We were then treated to a dash of Piotr Ilyich Tchaikovsky in the form of Meditation from his opus 72 No 5. Not what one normally associates with the symphonic maestro. He really wasn’t a pianist in the same category as Chopin and Liszt, but nonetheless this is a delightful piano piece which was played with sensitivity.

Nikita then turned his attention to another Russian composer in Prokofiev. Sergei Prokofiev’s output is truly substantial over his lifetime and this particular Amoroso is six short piano snippets from, of all things, Cinderella.

It’s only when you investigate Prokofiev’s output musically that you can begin to appreciate the range and diversity of his musical capabilities, and this puts him up amongst the crème of composers.

The intermission gave young Nikita a breathing space until he returned with, to my mind, the most difficult of piano-playing composers Franz Liszt.
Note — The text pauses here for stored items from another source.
(* Let $n\ge1$, $I=\{1,\dots,n\}$, and let $x,\sigma_1,\dots,\sigma_n,\tau_1,\dots,\tau_n$ be independent indeterminates; write $\sigma=(\sigma_i)_{i\in I}$, $\tau=(\tau_i)_{i\in I}$. For $j\in I$ let $\beta_j(\sigma,\tau)$ be the multiset $\{\sigma_i-\sigma_j: i\in I\}\cup\{\tau_i+\sigma_j: i\in I\}$, let $\phi_j(x;\sigma,\tau)=\phi(x;\beta_j(\sigma,\tau))$, and $\Phi(x;\sigma,\tau)=\sum_{j\in I}\phi_j(x;\sigma,\tau)$. Then $\Phi(x;\sigma,\tau)=\Phi(x;\tau,\sigma)$, where $\Phi(x;\tau,\sigma)$ is obtained by interchanging the roles of $\sigma$ and $\tau$.
   Context: For a multiset $\beta$, $\phi(x;\beta)=\prod_{b\in\beta,\,b\neq0}\frac{b-x}{b}$ (product with multiplicity over the nonzero elements; here this omits exactly the elements $\sigma_j-\sigma_j=0$). *)

theory Defs
  imports Main "HOL-Library.Multiset"
begin

definition phi :: "'a::field \<Rightarrow> 'a multiset \<Rightarrow> 'a" where
  "phi x \<beta> = prod_mset (image_mset (\<lambda>b. (b - x) / b) (filter_mset (\<lambda>b. b \<noteq> 0) \<beta>))"

definition beta :: "nat \<Rightarrow> (nat \<Rightarrow> 'a::field) \<Rightarrow> (nat \<Rightarrow> 'a) \<Rightarrow> nat \<Rightarrow> 'a multiset" where
  "beta n \<sigma> \<tau> j = image_mset (\<lambda>i. \<sigma> i - \<sigma> j) (mset_set {1..n})
                 + image_mset (\<lambda>i. \<tau> i + \<sigma> j) (mset_set {1..n})"

definition Phi :: "nat \<Rightarrow> 'a::field \<Rightarrow> (nat \<Rightarrow> 'a) \<Rightarrow> (nat \<Rightarrow> 'a) \<Rightarrow> 'a" where
  "Phi n x \<sigma> \<tau> = (\<Sum>j\<in>{1..n}. phi x (beta n \<sigma> \<tau> j))"

end

theory Submission
  imports Defs "HOL-Computational_Algebra.Polynomial"
begin

text \<open>
  Let A be the disjoint union of the points \<open>\<sigma>\<^sub>i\<close> and \<open>-\<tau>\<^sub>i\<close>, with weight
  \<open>c = x\<close> on the former and \<open>c = -x\<close> on the latter. Then \<open>x \<phi>\<^sub>j(x;\<sigma>,\<tau>)\<close> and
  \<open>-x \<phi>\<^sub>j(x;\<tau>,\<sigma>)\<close> are the values of \<open>c\<^sub>a \<Prod>\<^bsub>b\<noteq>a\<^esub> (a - b + c\<^sub>b)/(a - b)\<close> at
  \<open>a = \<sigma>\<^sub>j\<close> and at \<open>a = -\<tau>\<^sub>j\<close>. This term is \<open>P(a) / \<Prod>\<^bsub>b\<noteq>a\<^esub> (a - b)\<close> for
  \<open>P = \<Prod>\<^sub>b (X - b + c\<^sub>b) - \<Prod>\<^sub>b (X - b)\<close>, which has degree \<open>< |A|\<close>; so by Lagrange
  interpolation the terms sum to the coefficient of \<open>X\<^bsup>|A|-1\<^esup>\<close> in P, namely
  \<open>\<Sum>\<^sub>a c\<^sub>a = 0\<close>.
\<close>

lemma linear_factors_prod_coeffs:
  fixes e :: "'b \<Rightarrow> 'a::comm_ring_1"
  assumes "finite A"
  defines "Q \<equiv> \<Prod>b\<in>A. [:e b, 1:]"
  shows "degree Q = card A" and "coeff Q (card A) = 1"
    and "A \<noteq> {} \<Longrightarrow> coeff Q (card A - 1) = sum e A"
proof -
  have "degree Q = card A \<and> coeff Q (card A) = 1 \<and> (A \<noteq> {} \<longrightarrow> coeff Q (card A - 1) = sum e A)"
    unfolding Q_def using assms(1)
  proof (induction A rule: finite_induct)
    case empty
    then show ?case by simp
  next
    case (insert y A)
    define R where "R = (\<Prod>b\<in>A. [:e b, 1:])"
    have prod_insert: "(\<Prod>b\<in>insert y A. [:e b, 1:]) = smult (e y) R + pCons 0 R"
      using insert by (simp add: R_def mult_pCons_left)
    have deg: "degree R = card A" and lead: "coeff R (card A) = 1"
      using insert by (auto simp: R_def)
    have "degree (smult (e y) R + pCons 0 R) \<le> Suc (card A)"
      by (rule degree_le) (auto simp: coeff_eq_0 deg coeff_pCons split: nat.splits)
    moreover have "coeff (smult (e y) R + pCons 0 R) (Suc (card A)) = 1"
      using lead by (simp add: coeff_eq_0 deg)
    moreover have "coeff (smult (e y) R + pCons 0 R) (card A) = e y + sum e A"
    proof (cases "A = {}")
      case True
      then show ?thesis using lead by (simp add: R_def)
    next
      case False
      then obtain m where m: "card A = Suc m"
        using insert by (metis card_gt_0_iff gr0_implies_Suc)
      then have "coeff R m = sum e A" using insert False by (simp add: R_def)
      then show ?thesis using lead m by simp
    qed
    ultimately show ?case using insert prod_insert
      by (auto intro!: antisym le_degree)
  qed
  then show "degree Q = card A" and "coeff Q (card A) = 1"
    and "A \<noteq> {} \<Longrightarrow> coeff Q (card A - 1) = sum e A" by blast+
qed

lemma lagrange_interpolation:
  fixes P :: "'a::field poly"
  assumes "finite A" and "degree P < card A"
  shows "P = (\<Sum>a\<in>A. smult (poly P a / (\<Prod>b\<in>A-{a}. a - b)) (\<Prod>b\<in>A-{a}. [:- b, 1:]))"
    (is "P = ?L")
proof (rule sym, rule poly_eqI_degree[of A])
  fix a0 assume a0: "a0 \<in> A"
  have "poly ?L a0 = (\<Sum>a\<in>A. poly P a / (\<Prod>b\<in>A-{a}. a - b) * (\<Prod>b\<in>A-{a}. a0 - b))"
    by (simp add: poly_sum poly_prod)
  also have "\<dots> = (\<Sum>a\<in>A. if a = a0 then poly P a0 else 0)"
  proof (rule sum.cong)
    fix a
    have "(\<Prod>b\<in>A-{a}. a0 - b) = 0" if "a \<noteq> a0"
      using assms(1) a0 that by (intro prod_zero) auto
    moreover have "(\<Prod>b\<in>A-{a}. a - b) \<noteq> 0"
      using assms(1) by simp
    ultimately show "poly P a / (\<Prod>b\<in>A-{a}. a - b) * (\<Prod>b\<in>A-{a}. a0 - b)
        = (if a = a0 then poly P a0 else 0)" by auto
  qed simp
  also have "\<dots> = poly P a0" using assms(1) a0 by simp
  finally show "poly ?L a0 = poly P a0" .
next
  have "degree (\<Prod>b\<in>A-{a}. [:- b, 1:]) = card A - 1" if "a \<in> A" for a
    using linear_factors_prod_coeffs(1)[of "A - {a}" uminus] assms(1) that by simp
  then have "degree ?L \<le> card A - 1"
    by (intro degree_sum_le) (auto intro: order.trans[OF degree_smult_le] simp: assms(1))
  then show "degree ?L < card A" using assms(2) by linarith
qed (fact assms(2))

lemma sum_div_prod_diff_eq_coeff:
  fixes P :: "'a::field poly"
  assumes "finite A" and "degree P < card A"
  shows "(\<Sum>a\<in>A. poly P a / (\<Prod>b\<in>A-{a}. a - b)) = coeff P (card A - 1)"
proof -
  have "coeff (\<Prod>b\<in>A-{a}. [:- b, 1:]) (card A - 1) = 1" if "a \<in> A" for a
    using linear_factors_prod_coeffs(2)[of "A - {a}" uminus] assms(1) that by simp
  then have "coeff P (card A - 1) = (\<Sum>a\<in>A. poly P a / (\<Prod>b\<in>A-{a}. a - b))"
    by (subst lagrange_interpolation[OF assms]) (simp add: coeff_sum)
  then show ?thesis ..
qed

lemma sum_weighted_prod_shifted_ratios:
  fixes c :: "'a::field \<Rightarrow> 'a"
  assumes "finite A"
  shows "(\<Sum>a\<in>A. c a * (\<Prod>b\<in>A-{a}. (a - b + c b) / (a - b))) = sum c A"
proof (cases "A = {}")
  case True
  then show ?thesis by simp
next
  case False
  define N where "N = (\<Prod>b\<in>A. [:c b - b, 1:])"
  define D where "D = (\<Prod>b\<in>A. [:- b, 1:])"
  note N = linear_factors_prod_coeffs[OF assms, of "\<lambda>b. c b - b", folded N_def]
  note D = linear_factors_prod_coeffs[OF assms, of uminus, folded D_def]
  have "card A > 0" using assms False by (simp add: card_gt_0_iff)
  have "degree (N - D) \<le> card A - 1"
  proof (rule degree_le, intro allI impI)
    fix i assume "card A - 1 < i"
    then have "i = card A \<or> i > card A" using \<open>card A > 0\<close> by linarith
    then show "coeff (N - D) i = 0" using N D by (auto simp: coeff_eq_0)
  qed
  then have deg: "degree (N - D) < card A" using \<open>card A > 0\<close> by linarith
  have "poly (N - D) a / (\<Prod>b\<in>A-{a}. a - b) = c a * (\<Prod>b\<in>A-{a}. (a - b + c b) / (a - b))"
    if a: "a \<in> A" for a
  proof -
    have "poly N a = (\<Prod>b\<in>A. a - b + c b)"
      by (simp add: N_def poly_prod algebra_simps)
    also have "\<dots> = c a * (\<Prod>b\<in>A-{a}. a - b + c b)"
      using prod.remove[OF assms a, of "\<lambda>b. a - b + c b"] by simp
    finally have "poly (N - D) a = c a * (\<Prod>b\<in>A-{a}. a - b + c b)"
      using assms a by (simp add: D_def poly_prod)
    then show ?thesis by (simp add: prod_dividef)
  qed
  then have "(\<Sum>a\<in>A. c a * (\<Prod>b\<in>A-{a}. (a - b + c b) / (a - b)))
      = coeff (N - D) (card A - 1)"
    using sum_div_prod_diff_eq_coeff[OF assms deg] by simp
  also have "\<dots> = sum c A"
    using N D False sum_negf[of "\<lambda>b. b" A] by (simp add: sum_subtractf)
  finally show ?thesis .
qed

lemma phi_image_mset_set:
  assumes "finite A"
  shows "phi x (image_mset f (mset_set A)) = (\<Prod>b\<in>{b\<in>A. f b \<noteq> 0}. (f b - x) / f b)"
  using assms
  by (simp add: phi_def filter_mset_image_mset multiset.map_comp o_def prod_unfold_prod_mset)

lemma phi_zero [simp]: "phi 0 \<beta> = 1"
  unfolding phi_def by (rule prod_mset.neutral) auto

lemma sum_signed_phi:
  fixes \<epsilon> :: "'a::field \<Rightarrow> 'a"
  assumes "finite A" and sign: "\<And>b. b \<in> A \<Longrightarrow> \<epsilon> b = 1 \<or> \<epsilon> b = - 1"
  shows "(\<Sum>a\<in>A. \<epsilon> a * phi x (image_mset (\<lambda>b. \<epsilon> b * (b - a)) (mset_set A))) = sum \<epsilon> A"
proof (cases "x = 0")
  case True
  then show ?thesis by simp
next
  case False
  have summand: "x * (\<epsilon> a * phi x (image_mset (\<lambda>b. \<epsilon> b * (b - a)) (mset_set A)))
      = x * \<epsilon> a * (\<Prod>b\<in>A-{a}. (a - b + x * \<epsilon> b) / (a - b))" for a
  proof -
    have "{b\<in>A. \<epsilon> b * (b - a) \<noteq> 0} = A - {a}" using sign by force
    moreover have "(\<epsilon> b * (b - a) - x) / (\<epsilon> b * (b - a)) = (a - b + x * \<epsilon> b) / (a - b)"
      if "b \<in> A" for b
      using sign[OF that] by (cases "b = a") (auto simp: field_simps)
    ultimately show ?thesis
      using assms(1) by (simp add: phi_image_mset_set)
  qed
  have "x * (\<Sum>a\<in>A. \<epsilon> a * phi x (image_mset (\<lambda>b. \<epsilon> b * (b - a)) (mset_set A)))
      = (\<Sum>a\<in>A. x * \<epsilon> a * (\<Prod>b\<in>A-{a}. (a - b + x * \<epsilon> b) / (a - b)))"
    unfolding sum_distrib_left by (intro sum.cong refl summand)
  also have "\<dots> = x * sum \<epsilon> A"
    using sum_weighted_prod_shifted_ratios[OF assms(1), of "\<lambda>b. x * \<epsilon> b"]
    by (simp add: sum_distrib_left)
  finally show ?thesis using False by simp
qed

lemma image_mset_signed_shift_Un:
  fixes a :: "'a::comm_ring_1"
  assumes "finite S" and "finite T" and "S \<inter> T = {}"
    and "\<And>b. b \<in> S \<Longrightarrow> \<epsilon> b = 1" and "\<And>b. b \<in> T \<Longrightarrow> \<epsilon> b = - 1"
  shows "image_mset (\<lambda>b. \<epsilon> b * (b - a)) (mset_set (S \<union> T))
    = image_mset (\<lambda>b. b - a) (mset_set S) + image_mset (\<lambda>b. a - b) (mset_set T)"
proof -
  have "image_mset (\<lambda>b. \<epsilon> b * (b - a)) (mset_set S) = image_mset (\<lambda>b. b - a) (mset_set S)"
    using assms by (intro image_mset_cong) simp
  moreover have "image_mset (\<lambda>b. \<epsilon> b * (b - a)) (mset_set T) = image_mset (\<lambda>b. a - b) (mset_set T)"
    using assms by (intro image_mset_cong) simp
  ultimately show ?thesis
    using assms by (simp only: mset_set_Union image_mset_union)
qed

lemma beta_eq_image_signed_shift:
  fixes \<sigma> \<tau> :: "nat \<Rightarrow> 'a::field"
  assumes inj_\<sigma>: "inj_on \<sigma> {1..n}" and inj_\<tau>: "inj_on (\<lambda>i. - \<tau> i) {1..n}"
    and disj: "\<sigma> ` {1..n} \<inter> (\<lambda>i. - \<tau> i) ` {1..n} = {}"
    and \<epsilon>_\<sigma>: "\<And>b. b \<in> \<sigma> ` {1..n} \<Longrightarrow> \<epsilon> b = 1"
    and \<epsilon>_\<tau>: "\<And>b. b \<in> (\<lambda>i. - \<tau> i) ` {1..n} \<Longrightarrow> \<epsilon> b = - 1"
  defines "A \<equiv> \<sigma> ` {1..n} \<union> (\<lambda>i. - \<tau> i) ` {1..n}"
  shows "beta n \<sigma> \<tau> j = image_mset (\<lambda>b. \<epsilon> b * (b - \<sigma> j)) (mset_set A)"
    and "beta n \<tau> \<sigma> j = image_mset (\<lambda>b. \<epsilon> b * (b + \<tau> j)) (mset_set A)"
proof -
  have split: "image_mset (\<lambda>b. \<epsilon> b * (b - a)) (mset_set A)
      = image_mset (\<lambda>i. \<sigma> i - a) (mset_set {1..n}) + image_mset (\<lambda>i. a + \<tau> i) (mset_set {1..n})"
    for a
  proof -
    have "image_mset (\<lambda>b. \<epsilon> b * (b - a)) (mset_set A)
        = image_mset (\<lambda>b. b - a) (mset_set (\<sigma> ` {1..n}))
          + image_mset (\<lambda>b. a - b) (mset_set ((\<lambda>i. - \<tau> i) ` {1..n}))"
      unfolding A_def by (rule image_mset_signed_shift_Un[OF _ _ disj \<epsilon>_\<sigma> \<epsilon>_\<tau>]) simp_all
    then show ?thesis
      unfolding image_mset_mset_set[OF inj_\<sigma>, symmetric] image_mset_mset_set[OF inj_\<tau>, symmetric]
      by (simp add: multiset.map_comp o_def)
  qed
  show "beta n \<sigma> \<tau> j = image_mset (\<lambda>b. \<epsilon> b * (b - \<sigma> j)) (mset_set A)"
    by (simp add: split beta_def add.commute)
  show "beta n \<tau> \<sigma> j = image_mset (\<lambda>b. \<epsilon> b * (b + \<tau> j)) (mset_set A)"
    using split[of "- \<tau> j"] by (simp add: beta_def ac_simps)
qed

theorem lemma4p3:
  fixes n :: nat and x :: "'a::field_char_0" and \<sigma> \<tau> :: "nat \<Rightarrow> 'a"
  assumes "n \<ge> 1"
    and "inj_on \<sigma> {1..n}"
    and "inj_on \<tau> {1..n}"
    and "\<forall>i\<in>{1..n}. \<forall>j\<in>{1..n}. \<tau> i + \<sigma> j \<noteq> 0"
  shows "Phi n x \<sigma> \<tau> = Phi n x \<tau> \<sigma>"
proof -
  define S where "S = \<sigma> ` {1..n}"
  define T where "T = (\<lambda>i. - \<tau> i) ` {1..n}"
  define \<epsilon> where "\<epsilon> b = (if b \<in> S then 1 else - 1 :: 'a)" for b
  have inj_T: "inj_on (\<lambda>i. - \<tau> i) {1..n}"
    by (rule inj_onI) (use inj_onD[OF assms(3)] in simp)
  have disj: "S \<inter> T = {}"
    using assms(4) unfolding S_def T_def by (force simp: eq_neg_iff_add_eq_0 add.commute)
  have fin: "finite S" "finite T" by (simp_all add: S_def T_def)
  have \<epsilon>_S: "\<epsilon> b = 1" if "b \<in> S" for b
    using that by (simp add: \<epsilon>_def)
  have \<epsilon>_T: "\<epsilon> b = - 1" if "b \<in> T" for b
    using that disj by (auto simp: \<epsilon>_def)
  note beta_eq = beta_eq_image_signed_shift[OF assms(2) inj_T disj[unfolded S_def T_def]
      \<epsilon>_S[unfolded S_def] \<epsilon>_T[unfolded T_def], folded S_def T_def]
  define g where "g a = \<epsilon> a * phi x (image_mset (\<lambda>b. \<epsilon> b * (b - a)) (mset_set (S \<union> T)))" for a
  have "sum g (S \<union> T) = sum \<epsilon> (S \<union> T)"
    unfolding g_def using fin \<epsilon>_S \<epsilon>_T by (intro sum_signed_phi) auto
  moreover have "sum g S = Phi n x \<sigma> \<tau>"
    unfolding S_def sum.reindex[OF assms(2)] Phi_def
    by (intro sum.cong) (simp_all add: g_def \<epsilon>_S[unfolded S_def] beta_eq)
  moreover have "sum g T = - Phi n x \<tau> \<sigma>"
    unfolding T_def sum.reindex[OF inj_T] Phi_def sum_negf[symmetric]
    by (intro sum.cong) (simp_all add: g_def \<epsilon>_T[unfolded T_def] beta_eq)
  moreover have "sum \<epsilon> S + sum \<epsilon> T = 0"
    using assms(2) inj_T by (simp add: \<epsilon>_S \<epsilon>_T S_def T_def card_image)
  ultimately show ?thesis
    using fin disj by (simp add: sum.union_disjoint)
qed

end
Liszt’s Piano Sonata in B minor is a single movement piece which he dedicated to Robert Schumann. However, by this time in his life Liszt had effectively given up on the life of a virtuoso, bearing in mind that he’d been performing all over Europe to packed audiences with all the public adulation and attention of what in effect was a mid-19th century rock star. This sonata is recognised as the pinnacle of Liszt’s repertoire, and it is to Nikita’s credit that he performed it so well to the point of a standing ovation on completion. Tom Walker

The next event in Inverness Piano Recitals calendar is on January 30 2023 when the winner of the Casagrande Competition 2022, Yuanfan Yang, is the performer.